What is needed:
In the records that follow, show each line where the word "assms" is present.
== Segment start ==
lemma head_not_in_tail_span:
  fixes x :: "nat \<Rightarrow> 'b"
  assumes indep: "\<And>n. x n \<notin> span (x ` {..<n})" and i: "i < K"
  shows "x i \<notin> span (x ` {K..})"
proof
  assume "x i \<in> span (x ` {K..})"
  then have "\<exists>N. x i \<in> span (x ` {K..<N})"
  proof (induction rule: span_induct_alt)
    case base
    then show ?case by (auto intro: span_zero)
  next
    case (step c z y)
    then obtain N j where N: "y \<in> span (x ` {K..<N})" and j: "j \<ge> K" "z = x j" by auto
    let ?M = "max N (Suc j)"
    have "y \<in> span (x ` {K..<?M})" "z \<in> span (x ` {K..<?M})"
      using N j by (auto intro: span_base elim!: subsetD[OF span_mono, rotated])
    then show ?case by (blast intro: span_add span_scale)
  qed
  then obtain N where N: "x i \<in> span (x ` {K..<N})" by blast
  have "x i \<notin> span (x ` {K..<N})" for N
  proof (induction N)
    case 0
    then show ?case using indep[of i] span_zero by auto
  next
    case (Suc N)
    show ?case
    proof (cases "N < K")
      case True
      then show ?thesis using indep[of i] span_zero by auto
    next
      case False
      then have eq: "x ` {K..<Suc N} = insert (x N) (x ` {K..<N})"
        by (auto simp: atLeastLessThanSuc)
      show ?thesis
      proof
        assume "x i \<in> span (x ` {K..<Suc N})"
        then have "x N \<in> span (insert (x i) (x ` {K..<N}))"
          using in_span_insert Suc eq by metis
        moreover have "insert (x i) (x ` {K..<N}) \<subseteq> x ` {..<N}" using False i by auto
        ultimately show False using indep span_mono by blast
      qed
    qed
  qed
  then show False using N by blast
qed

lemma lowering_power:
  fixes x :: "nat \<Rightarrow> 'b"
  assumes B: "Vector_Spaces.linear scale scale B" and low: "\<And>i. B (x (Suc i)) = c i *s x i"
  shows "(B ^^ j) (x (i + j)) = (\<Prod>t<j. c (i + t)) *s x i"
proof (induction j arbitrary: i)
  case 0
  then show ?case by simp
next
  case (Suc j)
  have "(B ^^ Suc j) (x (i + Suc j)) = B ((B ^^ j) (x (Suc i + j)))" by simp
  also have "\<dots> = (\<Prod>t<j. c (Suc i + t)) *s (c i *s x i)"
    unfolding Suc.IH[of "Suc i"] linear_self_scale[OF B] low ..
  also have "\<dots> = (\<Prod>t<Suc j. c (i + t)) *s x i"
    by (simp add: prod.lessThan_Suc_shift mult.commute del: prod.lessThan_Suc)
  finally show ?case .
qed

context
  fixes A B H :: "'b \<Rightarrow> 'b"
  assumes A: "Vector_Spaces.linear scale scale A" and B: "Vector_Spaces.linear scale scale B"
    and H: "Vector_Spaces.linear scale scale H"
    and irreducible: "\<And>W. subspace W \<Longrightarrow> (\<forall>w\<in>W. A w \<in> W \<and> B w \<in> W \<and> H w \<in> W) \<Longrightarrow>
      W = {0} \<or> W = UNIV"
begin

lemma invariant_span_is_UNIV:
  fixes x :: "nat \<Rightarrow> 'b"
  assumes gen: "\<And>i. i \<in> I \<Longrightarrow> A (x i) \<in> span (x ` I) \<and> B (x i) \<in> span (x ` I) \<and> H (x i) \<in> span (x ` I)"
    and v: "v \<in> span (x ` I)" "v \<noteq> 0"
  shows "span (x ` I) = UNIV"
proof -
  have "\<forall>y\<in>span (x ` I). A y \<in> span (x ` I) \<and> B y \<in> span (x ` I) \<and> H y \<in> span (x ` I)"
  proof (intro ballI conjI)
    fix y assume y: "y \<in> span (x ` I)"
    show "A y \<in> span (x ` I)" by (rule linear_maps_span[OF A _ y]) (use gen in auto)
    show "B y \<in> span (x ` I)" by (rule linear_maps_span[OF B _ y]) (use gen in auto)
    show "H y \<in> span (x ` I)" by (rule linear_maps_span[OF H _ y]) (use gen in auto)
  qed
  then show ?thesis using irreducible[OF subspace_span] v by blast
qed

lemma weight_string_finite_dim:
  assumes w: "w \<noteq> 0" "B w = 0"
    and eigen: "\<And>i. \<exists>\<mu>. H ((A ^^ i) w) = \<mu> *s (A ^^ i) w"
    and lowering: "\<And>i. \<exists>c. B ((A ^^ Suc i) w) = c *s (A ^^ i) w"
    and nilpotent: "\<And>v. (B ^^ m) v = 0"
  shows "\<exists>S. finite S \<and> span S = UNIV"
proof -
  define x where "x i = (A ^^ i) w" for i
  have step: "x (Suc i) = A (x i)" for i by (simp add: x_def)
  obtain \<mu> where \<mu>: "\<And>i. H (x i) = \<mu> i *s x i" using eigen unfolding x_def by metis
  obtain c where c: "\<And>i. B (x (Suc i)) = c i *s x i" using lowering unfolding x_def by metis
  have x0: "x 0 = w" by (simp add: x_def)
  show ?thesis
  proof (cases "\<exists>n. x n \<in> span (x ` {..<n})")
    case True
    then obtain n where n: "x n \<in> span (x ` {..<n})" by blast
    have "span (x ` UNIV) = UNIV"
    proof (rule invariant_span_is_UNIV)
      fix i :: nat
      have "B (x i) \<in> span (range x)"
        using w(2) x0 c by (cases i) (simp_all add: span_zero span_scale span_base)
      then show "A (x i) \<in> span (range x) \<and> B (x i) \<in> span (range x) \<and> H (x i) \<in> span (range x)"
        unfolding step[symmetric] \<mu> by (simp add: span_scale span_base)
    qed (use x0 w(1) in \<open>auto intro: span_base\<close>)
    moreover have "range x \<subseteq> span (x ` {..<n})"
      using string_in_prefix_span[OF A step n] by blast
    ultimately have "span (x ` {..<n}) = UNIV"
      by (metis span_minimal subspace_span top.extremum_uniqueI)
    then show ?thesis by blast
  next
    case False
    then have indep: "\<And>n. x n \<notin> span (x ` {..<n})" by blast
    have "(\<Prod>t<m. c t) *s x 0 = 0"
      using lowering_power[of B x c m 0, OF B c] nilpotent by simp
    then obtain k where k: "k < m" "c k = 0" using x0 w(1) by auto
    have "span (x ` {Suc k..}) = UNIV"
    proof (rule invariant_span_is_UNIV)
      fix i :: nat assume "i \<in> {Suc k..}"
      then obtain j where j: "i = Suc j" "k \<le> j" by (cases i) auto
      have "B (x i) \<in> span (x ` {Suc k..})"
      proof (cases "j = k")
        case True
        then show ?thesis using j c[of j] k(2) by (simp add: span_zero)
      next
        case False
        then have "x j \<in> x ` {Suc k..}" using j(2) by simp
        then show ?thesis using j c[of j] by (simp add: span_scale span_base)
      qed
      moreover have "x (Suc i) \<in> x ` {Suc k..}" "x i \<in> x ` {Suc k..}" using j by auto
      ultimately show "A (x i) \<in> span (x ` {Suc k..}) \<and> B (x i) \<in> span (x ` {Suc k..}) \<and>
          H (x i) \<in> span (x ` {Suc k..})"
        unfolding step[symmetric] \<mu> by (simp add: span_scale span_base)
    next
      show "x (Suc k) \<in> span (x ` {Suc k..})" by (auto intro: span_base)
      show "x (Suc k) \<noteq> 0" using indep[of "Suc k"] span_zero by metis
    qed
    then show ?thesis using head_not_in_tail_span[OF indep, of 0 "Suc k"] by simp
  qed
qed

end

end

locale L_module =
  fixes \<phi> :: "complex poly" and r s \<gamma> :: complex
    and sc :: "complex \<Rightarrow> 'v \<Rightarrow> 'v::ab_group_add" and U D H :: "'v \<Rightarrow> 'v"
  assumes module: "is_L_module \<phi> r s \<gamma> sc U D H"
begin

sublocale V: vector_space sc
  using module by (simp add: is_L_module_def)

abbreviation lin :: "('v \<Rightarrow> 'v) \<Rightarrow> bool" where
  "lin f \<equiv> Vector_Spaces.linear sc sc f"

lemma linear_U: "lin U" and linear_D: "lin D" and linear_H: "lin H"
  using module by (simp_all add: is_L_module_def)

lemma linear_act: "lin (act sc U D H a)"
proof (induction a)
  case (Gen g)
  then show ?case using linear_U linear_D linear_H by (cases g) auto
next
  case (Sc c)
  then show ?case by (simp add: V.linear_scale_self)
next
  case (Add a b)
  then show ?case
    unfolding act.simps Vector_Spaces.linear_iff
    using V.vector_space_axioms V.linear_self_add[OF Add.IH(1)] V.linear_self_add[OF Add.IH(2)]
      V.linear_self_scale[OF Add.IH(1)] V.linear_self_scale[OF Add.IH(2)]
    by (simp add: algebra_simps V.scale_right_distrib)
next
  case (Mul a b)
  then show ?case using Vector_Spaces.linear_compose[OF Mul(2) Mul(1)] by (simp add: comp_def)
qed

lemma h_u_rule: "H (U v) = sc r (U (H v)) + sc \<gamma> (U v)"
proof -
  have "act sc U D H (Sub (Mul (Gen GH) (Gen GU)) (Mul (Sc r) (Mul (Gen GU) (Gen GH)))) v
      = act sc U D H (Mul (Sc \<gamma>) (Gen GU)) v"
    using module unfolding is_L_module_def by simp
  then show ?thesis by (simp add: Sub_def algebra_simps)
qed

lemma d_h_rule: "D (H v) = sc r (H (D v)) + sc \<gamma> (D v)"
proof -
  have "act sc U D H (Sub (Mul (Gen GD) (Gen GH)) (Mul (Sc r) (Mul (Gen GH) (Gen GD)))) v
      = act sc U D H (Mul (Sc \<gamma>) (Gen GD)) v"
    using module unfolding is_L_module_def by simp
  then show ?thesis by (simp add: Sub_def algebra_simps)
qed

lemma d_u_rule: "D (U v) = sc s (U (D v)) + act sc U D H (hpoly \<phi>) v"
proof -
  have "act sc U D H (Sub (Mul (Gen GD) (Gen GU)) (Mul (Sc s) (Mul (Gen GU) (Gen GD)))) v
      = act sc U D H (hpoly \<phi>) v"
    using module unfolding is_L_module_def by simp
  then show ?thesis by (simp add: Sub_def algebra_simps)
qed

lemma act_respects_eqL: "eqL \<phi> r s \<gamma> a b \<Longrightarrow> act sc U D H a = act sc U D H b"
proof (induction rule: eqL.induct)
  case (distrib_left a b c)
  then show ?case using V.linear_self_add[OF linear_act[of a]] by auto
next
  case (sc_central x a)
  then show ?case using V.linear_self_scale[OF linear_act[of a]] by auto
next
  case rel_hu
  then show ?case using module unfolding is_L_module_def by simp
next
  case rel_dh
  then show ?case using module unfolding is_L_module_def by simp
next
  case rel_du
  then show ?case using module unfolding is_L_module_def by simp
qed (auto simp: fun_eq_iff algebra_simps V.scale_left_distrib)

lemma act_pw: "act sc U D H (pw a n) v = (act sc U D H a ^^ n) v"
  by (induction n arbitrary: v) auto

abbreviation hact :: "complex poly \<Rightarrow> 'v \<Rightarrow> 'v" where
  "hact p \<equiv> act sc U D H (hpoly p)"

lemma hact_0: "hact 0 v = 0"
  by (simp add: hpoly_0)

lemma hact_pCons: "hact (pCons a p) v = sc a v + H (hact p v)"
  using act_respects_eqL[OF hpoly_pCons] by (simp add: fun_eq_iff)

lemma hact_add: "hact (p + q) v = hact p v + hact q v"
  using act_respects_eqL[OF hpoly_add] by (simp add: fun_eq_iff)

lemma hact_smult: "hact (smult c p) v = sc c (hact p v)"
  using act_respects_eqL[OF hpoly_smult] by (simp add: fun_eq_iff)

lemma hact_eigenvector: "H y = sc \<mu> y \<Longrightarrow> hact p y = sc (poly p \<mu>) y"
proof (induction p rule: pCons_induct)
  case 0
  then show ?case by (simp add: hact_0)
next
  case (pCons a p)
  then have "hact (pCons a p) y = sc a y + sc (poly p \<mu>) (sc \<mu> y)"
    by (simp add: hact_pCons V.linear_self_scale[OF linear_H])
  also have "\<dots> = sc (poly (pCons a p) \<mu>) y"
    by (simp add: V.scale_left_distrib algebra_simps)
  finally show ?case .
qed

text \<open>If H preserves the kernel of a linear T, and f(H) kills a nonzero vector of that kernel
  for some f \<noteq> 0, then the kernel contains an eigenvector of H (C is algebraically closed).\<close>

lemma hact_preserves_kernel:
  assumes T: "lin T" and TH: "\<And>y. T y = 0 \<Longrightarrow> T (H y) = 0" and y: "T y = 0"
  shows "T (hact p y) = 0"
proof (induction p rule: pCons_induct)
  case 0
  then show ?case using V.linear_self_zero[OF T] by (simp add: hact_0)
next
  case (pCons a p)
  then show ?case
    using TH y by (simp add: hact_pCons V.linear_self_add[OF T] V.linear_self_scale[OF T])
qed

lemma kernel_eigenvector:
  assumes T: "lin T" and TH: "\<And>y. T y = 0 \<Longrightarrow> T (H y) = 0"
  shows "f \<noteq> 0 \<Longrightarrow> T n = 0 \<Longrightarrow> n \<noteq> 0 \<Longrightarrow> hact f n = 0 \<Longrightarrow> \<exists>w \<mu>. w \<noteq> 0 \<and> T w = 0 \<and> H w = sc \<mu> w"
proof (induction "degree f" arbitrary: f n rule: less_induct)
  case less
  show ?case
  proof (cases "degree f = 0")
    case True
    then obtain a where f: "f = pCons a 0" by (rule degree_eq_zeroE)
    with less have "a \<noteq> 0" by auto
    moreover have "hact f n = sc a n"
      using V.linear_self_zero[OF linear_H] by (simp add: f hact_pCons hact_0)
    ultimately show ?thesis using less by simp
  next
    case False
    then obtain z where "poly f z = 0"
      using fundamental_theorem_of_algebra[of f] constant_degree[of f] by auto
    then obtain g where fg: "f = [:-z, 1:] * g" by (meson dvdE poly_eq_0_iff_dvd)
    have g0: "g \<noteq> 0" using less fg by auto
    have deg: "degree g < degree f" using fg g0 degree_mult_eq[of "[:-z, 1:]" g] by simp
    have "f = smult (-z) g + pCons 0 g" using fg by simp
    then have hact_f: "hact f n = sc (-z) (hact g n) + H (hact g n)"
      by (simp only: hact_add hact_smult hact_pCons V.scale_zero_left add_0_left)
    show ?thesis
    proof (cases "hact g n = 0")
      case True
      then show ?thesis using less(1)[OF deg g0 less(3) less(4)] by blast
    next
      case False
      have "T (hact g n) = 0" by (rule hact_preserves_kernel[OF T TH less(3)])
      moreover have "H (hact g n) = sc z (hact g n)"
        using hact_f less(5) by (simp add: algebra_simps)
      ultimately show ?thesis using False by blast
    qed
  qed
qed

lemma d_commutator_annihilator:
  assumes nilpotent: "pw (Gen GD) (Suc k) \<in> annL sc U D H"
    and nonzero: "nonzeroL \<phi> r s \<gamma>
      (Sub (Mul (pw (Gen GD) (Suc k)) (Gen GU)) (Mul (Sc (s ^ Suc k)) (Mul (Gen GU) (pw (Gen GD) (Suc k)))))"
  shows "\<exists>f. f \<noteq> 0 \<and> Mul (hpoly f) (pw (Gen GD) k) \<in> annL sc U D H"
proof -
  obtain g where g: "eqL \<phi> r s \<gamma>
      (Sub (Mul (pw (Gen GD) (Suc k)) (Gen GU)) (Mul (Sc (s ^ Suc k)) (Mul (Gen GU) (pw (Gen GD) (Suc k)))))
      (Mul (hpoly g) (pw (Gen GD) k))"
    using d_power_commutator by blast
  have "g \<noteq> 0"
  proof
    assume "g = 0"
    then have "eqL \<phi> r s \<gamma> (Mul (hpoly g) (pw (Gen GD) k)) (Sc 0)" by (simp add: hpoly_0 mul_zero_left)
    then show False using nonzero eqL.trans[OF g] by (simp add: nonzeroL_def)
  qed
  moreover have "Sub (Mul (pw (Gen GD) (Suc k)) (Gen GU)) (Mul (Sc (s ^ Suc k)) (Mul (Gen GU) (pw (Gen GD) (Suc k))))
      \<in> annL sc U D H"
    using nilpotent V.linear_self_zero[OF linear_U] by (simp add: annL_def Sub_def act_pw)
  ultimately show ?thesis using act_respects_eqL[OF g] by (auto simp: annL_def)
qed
== Segment end ==
== Segment start ==
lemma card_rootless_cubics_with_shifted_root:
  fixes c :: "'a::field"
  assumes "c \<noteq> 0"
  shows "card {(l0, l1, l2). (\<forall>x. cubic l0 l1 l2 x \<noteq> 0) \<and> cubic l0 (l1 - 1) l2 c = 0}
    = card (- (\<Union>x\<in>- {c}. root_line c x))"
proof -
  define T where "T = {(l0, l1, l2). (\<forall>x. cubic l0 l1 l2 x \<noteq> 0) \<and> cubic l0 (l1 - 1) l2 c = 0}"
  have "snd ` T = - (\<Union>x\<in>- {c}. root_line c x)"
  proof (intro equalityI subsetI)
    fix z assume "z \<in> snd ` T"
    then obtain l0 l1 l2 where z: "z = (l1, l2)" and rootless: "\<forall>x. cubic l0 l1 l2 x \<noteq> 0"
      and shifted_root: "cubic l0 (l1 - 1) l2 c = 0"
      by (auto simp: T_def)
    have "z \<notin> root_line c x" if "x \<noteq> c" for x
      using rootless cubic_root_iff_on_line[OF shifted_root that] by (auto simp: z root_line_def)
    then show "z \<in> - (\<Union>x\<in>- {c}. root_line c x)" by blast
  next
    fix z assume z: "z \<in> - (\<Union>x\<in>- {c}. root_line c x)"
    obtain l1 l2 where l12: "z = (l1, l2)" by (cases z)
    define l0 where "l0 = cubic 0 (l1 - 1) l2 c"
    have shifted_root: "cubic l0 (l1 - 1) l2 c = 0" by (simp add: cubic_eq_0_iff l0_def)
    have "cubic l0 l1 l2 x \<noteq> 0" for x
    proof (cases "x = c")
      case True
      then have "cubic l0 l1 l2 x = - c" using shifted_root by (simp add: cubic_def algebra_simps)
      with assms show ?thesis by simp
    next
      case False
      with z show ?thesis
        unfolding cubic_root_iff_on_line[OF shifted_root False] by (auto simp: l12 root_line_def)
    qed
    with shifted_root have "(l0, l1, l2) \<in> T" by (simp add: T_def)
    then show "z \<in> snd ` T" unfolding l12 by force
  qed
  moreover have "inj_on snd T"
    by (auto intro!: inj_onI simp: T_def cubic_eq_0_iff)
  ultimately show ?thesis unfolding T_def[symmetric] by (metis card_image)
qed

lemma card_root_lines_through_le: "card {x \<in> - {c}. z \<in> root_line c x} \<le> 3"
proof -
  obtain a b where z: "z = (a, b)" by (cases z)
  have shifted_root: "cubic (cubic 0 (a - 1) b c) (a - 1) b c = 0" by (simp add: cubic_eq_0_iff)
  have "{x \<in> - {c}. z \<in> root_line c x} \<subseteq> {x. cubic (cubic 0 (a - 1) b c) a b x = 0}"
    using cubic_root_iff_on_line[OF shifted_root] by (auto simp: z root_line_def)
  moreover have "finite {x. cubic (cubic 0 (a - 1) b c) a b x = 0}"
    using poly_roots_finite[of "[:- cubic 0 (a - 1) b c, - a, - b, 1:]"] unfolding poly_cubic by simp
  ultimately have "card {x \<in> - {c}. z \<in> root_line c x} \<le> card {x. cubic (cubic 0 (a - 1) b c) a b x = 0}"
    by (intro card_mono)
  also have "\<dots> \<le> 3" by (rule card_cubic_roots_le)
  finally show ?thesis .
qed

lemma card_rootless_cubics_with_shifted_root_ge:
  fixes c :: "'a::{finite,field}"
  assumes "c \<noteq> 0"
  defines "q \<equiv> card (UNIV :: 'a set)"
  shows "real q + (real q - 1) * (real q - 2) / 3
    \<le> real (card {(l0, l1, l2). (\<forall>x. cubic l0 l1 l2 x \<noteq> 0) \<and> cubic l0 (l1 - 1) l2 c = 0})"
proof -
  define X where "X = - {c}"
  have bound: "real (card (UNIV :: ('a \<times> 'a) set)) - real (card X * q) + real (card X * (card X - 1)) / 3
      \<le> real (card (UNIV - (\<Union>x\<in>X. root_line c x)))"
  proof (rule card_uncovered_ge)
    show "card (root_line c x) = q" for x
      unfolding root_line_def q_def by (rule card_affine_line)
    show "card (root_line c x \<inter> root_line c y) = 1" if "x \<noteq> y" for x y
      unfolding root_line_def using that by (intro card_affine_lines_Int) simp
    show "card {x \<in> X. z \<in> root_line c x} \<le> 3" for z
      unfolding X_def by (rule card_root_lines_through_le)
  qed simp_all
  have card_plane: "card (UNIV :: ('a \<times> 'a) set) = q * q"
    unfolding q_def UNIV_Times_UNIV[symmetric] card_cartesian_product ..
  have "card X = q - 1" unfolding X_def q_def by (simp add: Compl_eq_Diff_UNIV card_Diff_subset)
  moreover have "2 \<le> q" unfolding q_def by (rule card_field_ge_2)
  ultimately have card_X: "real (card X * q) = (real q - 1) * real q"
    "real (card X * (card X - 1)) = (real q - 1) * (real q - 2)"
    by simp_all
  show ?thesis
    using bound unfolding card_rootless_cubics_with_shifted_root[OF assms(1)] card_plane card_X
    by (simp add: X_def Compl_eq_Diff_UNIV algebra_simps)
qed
== Segment end ==
== Segment start ==
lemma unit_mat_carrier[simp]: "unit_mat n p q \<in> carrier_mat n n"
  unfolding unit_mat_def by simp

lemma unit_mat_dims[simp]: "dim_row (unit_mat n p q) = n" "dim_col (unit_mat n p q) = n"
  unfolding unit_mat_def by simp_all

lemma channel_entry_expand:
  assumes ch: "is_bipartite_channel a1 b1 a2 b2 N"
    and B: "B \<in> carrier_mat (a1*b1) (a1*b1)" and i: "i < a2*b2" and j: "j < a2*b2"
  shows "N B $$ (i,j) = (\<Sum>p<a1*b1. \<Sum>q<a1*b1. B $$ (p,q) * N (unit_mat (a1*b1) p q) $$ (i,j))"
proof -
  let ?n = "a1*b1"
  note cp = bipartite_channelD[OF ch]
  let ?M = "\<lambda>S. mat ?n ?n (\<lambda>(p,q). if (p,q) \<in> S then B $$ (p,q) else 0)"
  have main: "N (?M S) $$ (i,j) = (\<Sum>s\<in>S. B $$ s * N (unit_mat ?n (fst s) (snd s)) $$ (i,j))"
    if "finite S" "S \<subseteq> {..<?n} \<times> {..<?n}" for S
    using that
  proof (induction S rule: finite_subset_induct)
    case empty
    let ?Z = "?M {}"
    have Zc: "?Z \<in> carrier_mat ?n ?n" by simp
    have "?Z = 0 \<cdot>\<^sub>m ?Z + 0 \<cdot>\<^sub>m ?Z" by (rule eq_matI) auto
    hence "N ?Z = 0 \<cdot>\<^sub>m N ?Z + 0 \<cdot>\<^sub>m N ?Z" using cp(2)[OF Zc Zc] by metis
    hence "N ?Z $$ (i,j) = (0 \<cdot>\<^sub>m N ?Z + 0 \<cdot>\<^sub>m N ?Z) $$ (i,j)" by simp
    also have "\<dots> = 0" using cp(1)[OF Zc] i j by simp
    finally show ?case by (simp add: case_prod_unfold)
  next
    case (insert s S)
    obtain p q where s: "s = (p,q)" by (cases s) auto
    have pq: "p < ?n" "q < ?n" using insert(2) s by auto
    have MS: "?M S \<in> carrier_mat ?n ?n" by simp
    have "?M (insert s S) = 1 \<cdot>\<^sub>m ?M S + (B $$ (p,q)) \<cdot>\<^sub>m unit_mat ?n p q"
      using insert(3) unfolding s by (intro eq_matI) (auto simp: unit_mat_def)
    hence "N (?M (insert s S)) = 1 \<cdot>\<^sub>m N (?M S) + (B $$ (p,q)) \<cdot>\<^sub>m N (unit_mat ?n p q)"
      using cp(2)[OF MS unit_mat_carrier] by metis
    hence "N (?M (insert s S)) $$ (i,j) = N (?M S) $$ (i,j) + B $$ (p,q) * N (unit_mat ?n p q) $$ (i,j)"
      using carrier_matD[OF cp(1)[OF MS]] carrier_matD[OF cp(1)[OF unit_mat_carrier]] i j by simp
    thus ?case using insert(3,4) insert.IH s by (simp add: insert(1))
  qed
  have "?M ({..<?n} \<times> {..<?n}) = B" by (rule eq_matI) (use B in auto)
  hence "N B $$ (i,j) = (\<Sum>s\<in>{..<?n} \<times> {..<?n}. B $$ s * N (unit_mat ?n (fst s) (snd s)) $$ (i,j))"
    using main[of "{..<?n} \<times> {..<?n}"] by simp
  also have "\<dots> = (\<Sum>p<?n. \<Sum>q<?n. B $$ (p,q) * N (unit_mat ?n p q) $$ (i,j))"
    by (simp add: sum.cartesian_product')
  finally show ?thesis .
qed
== Segment end ==
Reply to the task:
      with assms show ?thesis by simp
    using bound unfolding card_rootless_cubics_with_shifted_root[OF assms(1)] card_plane card_X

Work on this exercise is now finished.